Но так как юпитеры были направлены на оркестр, он вряд ли ее видел.
С каким высокомерным презрением поглядывал Мишель на это ничтожное существо!
— Не смотри на него.
— Я хочу ему показать, как мало он меня интересует.
Еще подумает, что я боюсь его.
Мишель много пил, испытывая потребность пить все больше, чтобы сохранить возбуждение, в котором находился. Еще на границе, у Фюрна, он выпил две рюмки можжевеловой водки.
Ему было дано важное поручение. Перед отъездом Фершо вручил ему две тысячи франков, а затем, с явным сожалением, добавил еще тысячу:
— На всякий случай.
Даже в дюнкеркском пристанище жадность не покидала его, и он лишь вздохнул, видя, как Мишель запихивает деньги в бумажник.
— Можете ехать вторым классом, но в дорогих отелях лучше не останавливайтесь — такие отели находятся под особым наблюдением.
И все равно Мишель снял номер в «Паласе», напротив Северного вокзала. Он знал, что это уже само по себе определит все дальнейшее, все грядущие осложнения.
В баре, настоящем американском баре со стойкой из красного дерева и кожаными креслами, сидя в которых международные финансисты покуривали роскошные сигары, он выпил виски с рассеянным видом человека, не пьющего ничего другого.
Позвонить он решил из Брюсселя — сначала мэтру Морелю, затем мэтру Обену в Париж и в заключение — Эмилю Фершо.
Ему посоветовали воспользоваться общественными телефонными кабинами, но, увидев, как лысый толстят потребовал из своего кресла, чтобы его соединили с Римом, Мишель передумал.

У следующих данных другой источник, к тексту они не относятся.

lemma expgap_dominates_neg:
  assumes "below_gap n" "e \<in> expgap n" "e < 0" "g \<in> level n"
  shows "e < g"
  using expgap_dominates[OF assms(1) expgap_neg[OF assms(2)] _ level_neg[OF assms(4)]] assms(3)
  by simp

text \<open>For the base level the invariant is the growth axiom, via
  growth_support_below; the gap is nonempty because K is a nontrivial group.\<close>
lemma below_gap_0: "below_gap 0" and gap_0_nonempty: "gap 0 \<noteq> {}"
proof -
  show "below_gap 0"
    using growth_support_below[OF base_growth] unfolding below_gap_def pos_def by simp
  obtain k where k: "k \<in> K" "k \<noteq> 0"
    using base_growth zero_level[of 0] unfolding growth_axiom_def by auto
  have "-k \<in> K" using k(1) base_subgroup(1) unfolding addsubgroup_def by blast
  then have "k \<in> gap 0 \<or> -k \<in> gap 0" using k by (auto simp: above_def neg_less_0_iff_less)
  then show "gap 0 \<noteq> {}" by blast
qed

text \<open>The invariant propagates: Log of an element of level (Suc n) is Log of an element
  of level n, supported below gap n, plus a series supported in gap n \<subseteq> level n; both
  lie below gap (Suc n).\<close>
lemma below_gap_Suc:
  assumes below: "below_gap n" and ne: "gap n \<noteq> {}"
  shows "below_gap (Suc n)"
  unfolding below_gap_def
proof (intro ballI)
  fix g w s assume g: "g \<in> level (Suc n)" and w: "w \<in> supp (lw g)" and s: "s \<in> gap (Suc n)"
  obtain a e where ae: "g = a + e" "a \<in> level n" "e \<in> expgap n"
    using g unfolding level_Suc gprod_def by blast
  have "lw g = hadd (lw a) (lw e)" using Log_add ae level_EL expgap_EL by blast
  then have "w \<in> supp (lw a) \<or> w \<in> supp (lw e)" using supp_hadd[of "lw a" "lw e"] w by auto
  moreover obtain s' where s': "s' \<in> gap n" using ne by blast
  moreover have "\<And>x. x \<in> level n \<Longrightarrow> x < s" using s unfolding above_def by simp
  moreover have "supp (lw e) \<subseteq> level n"
    using ae(3) unfolding Exp_set_EL hahn_def above_def by blast
  moreover have "\<And>u. u \<in> supp (lw a) \<Longrightarrow> u < s'"
    using below ae(2) s' unfolding below_gap_def by blast
  ultimately show "w < s" using s' unfolding above_def by (blast intro: order.strict_trans)
qed

text \<open>The gap stays nonempty: the exponential of a monomial at a point of gap n is a
  positive element of expgap n, hence dominates level n.\<close>
lemma gap_Suc_nonempty:
  assumes below: "below_gap n" and ne: "gap n \<noteq> {}"
  shows "gap (Suc n) \<noteq> {}"
proof -
  obtain s where s: "s \<in> gap n" using ne by blast
  have "gap n \<subseteq> pos (Gam n)" using gap_pos level_pos_Gam by blast
  then obtain x where x: "x \<in> expgap n" "0 < x" using Exp_monomial s by metis
  have "\<forall>a\<in>level n. a < x" using expgap_dominates[OF below x] by blast
  moreover have "x \<in> level (Suc n)" using x(1) gprod_right[OF zero_level] level_Suc by blast
  ultimately have "x \<in> gap (Suc n)" by (simp add: above_def)
  then show ?thesis by blast
qed

lemma below_gap_nonempty: "below_gap n \<and> gap n \<noteq> {}"
  by (induction n) (use below_gap_0 gap_0_nonempty below_gap_Suc gap_Suc_nonempty in blast)+

text \<open>level n is convex in level (Suc n): an element a + e with e \<noteq> 0 in expgap n
  lies above or below all of level n.\<close>
lemma level_convex:
  assumes "x \<in> level n" "y \<in> level n" "z \<in> level (Suc n)" "x \<le> z" "z \<le> y"
  shows "z \<in> level n"
proof -
  have below: "below_gap n" using below_gap_nonempty by blast
  obtain a e where ae: "z = a + e" "a \<in> level n" "e \<in> expgap n"
    using assms(3) unfolding level_Suc gprod_def by blast
  consider "e = 0" | "0 < e" | "e < 0" by fastforce
  then show ?thesis
  proof cases
    case 1 then show ?thesis using ae by simp
  next
    case 2
    have "y - a < e" using expgap_dominates[OF below ae(3) 2] level_add[OF assms(2) level_neg[OF ae(2)]]
      by simp
    then show ?thesis using ae(1) assms(5) by (simp add: algebra_simps)
  next
    case 3
    have "e < x - a" using expgap_dominates_neg[OF below ae(3) 3] level_add[OF assms(1) level_neg[OF ae(2)]]
      by simp
    then show ?thesis using ae(1) assms(4) by (simp add: algebra_simps)
  qed
qed

text \<open>The product level n \<cdot> expgap n is direct: a nonzero element of expgap n is
  strictly above or below itself if it lies in level n.\<close>
lemma level_inter_expgap: "level n \<inter> expgap n = {0}"
proof -
  have below: "below_gap n" using below_gap_nonempty by blast
  have "x = 0" if "x \<in> level n" "x \<in> expgap n" for x
    using expgap_dominates[OF below that(2) _ that(1)]
      expgap_dominates_neg[OF below that(2) _ that(1)] by fastforce
  then show ?thesis using zero_level zero_expgap by blast
qed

— Бармен, соедините меня с Каном, номер восемнадцать четырнадцать.
— Слушаюсь, мсье.
На столе лежала брошенная кем-то бельгийская газета. И пока он ждал второй порции виски, он, сам не зная зачем, стал пробегать объявления. Неожиданно глаза его остановились на следующем:
«Важное сообщение. Эмиль для Дьедонне — просьба, срочно связаться с адвокатом Блестейном, площадь Брукера в Брюсселе».
— Бармен! Отмените заказанный разговор… Сколько с меня?
— Сорок франков, мсье.
Значит, Эмиль Фершо сразу догадался, что его брат в Бельгии, раз поместил объявление в вечерней брюссельской «Суар». У Мишеля не было возможности обратиться за новыми указаниями, приходилось действовать по собственному усмотрению. Он и так был достаточно оживлен, а толкучка на площади Брукера еще более возвысила его в собственных глазах. Там была огромная витрина с дорожными вещами из мягкой свиной кожи: сразу возникало безумное желание оказаться в скором ночном поезде или на трансатлантическом теплоходе. Рядом на манекенах демонстрировалась готовая одежда, и он застыл при виде серого костюма из плотной ткани, так гармонировавшего с его, мечтами о путешествии.
Двумя домами дальше находился обозначенный в газете адрес: «Блестейн, агент по обмену валюты». Это был небольшой магазин с витриной, защищенной металлической сеткой: там лежали иностранные денежные купюры и золотые монеты. Он вошел.
— Мне надо видеть господина Блестейна.
— Господина Макса или господина Алекса?
— Не знаю. Того, который указан в этом объявлении.
Служащий не скрыл удивления. Его взгляд как бы говорил: «Уже!»
Он бросился в небольшой закуток с матовыми стеклами, а затем ввел туда и Мишеля.
— Господин Блестейн?
— Господин Макс Блестейн. Вы от господина Дьедонне?
Он был молод, худощав и, как показалось Мишелю, очень элегантен, с бриллиантовой булавкой в галстуке, с черными напомаженными волосами. Особенно привлекали внимание его ухоженные руки, которые тот явно демонстрировал, небрежно играя с сигаретой.
— Полагаю, у вас есть письмо от господина Дьедонне?
— Письма нет, но я его личный секретарь.
Это был прелюбопытный разговор, прерываемый телефонными звонками, — Блестейну без конца звонили, он небрежно отвечал:
— Конечно, мой дорогой… Нет, не с Одеттой… Именно… В девять… В вечернем костюме?..
Выказывая преувеличенную вежливость, он одновременно старался вытянуть из Мишеля как можно больше, явно сомневаясь, тот ли он, за кого себя выдает.
— Вы понимаете, насколько это деликатное дело. Мы ведь только посредники. Наш клиент, господин Эмиль, всецело положился на нас. Вам достаточно попросить у господина Дьедонне хоть какой-нибудь документ. Надеюсь, он в Брюсселе?
Мишель выдержал атаку. Нервы его были напряжены» но он устоял, и спустя четверть часа его куда-то повели. Миновав группы людей возле Биржи, они пришли на улицу Руайаль, в дом, набитый конторами. Макс Блестейн поднялся с ним на лифте, толкнул какую-то дверь, и они оказались у Алекса Блестейна, старшего из братьев, ничуть не менее элегантного, чем младший брат.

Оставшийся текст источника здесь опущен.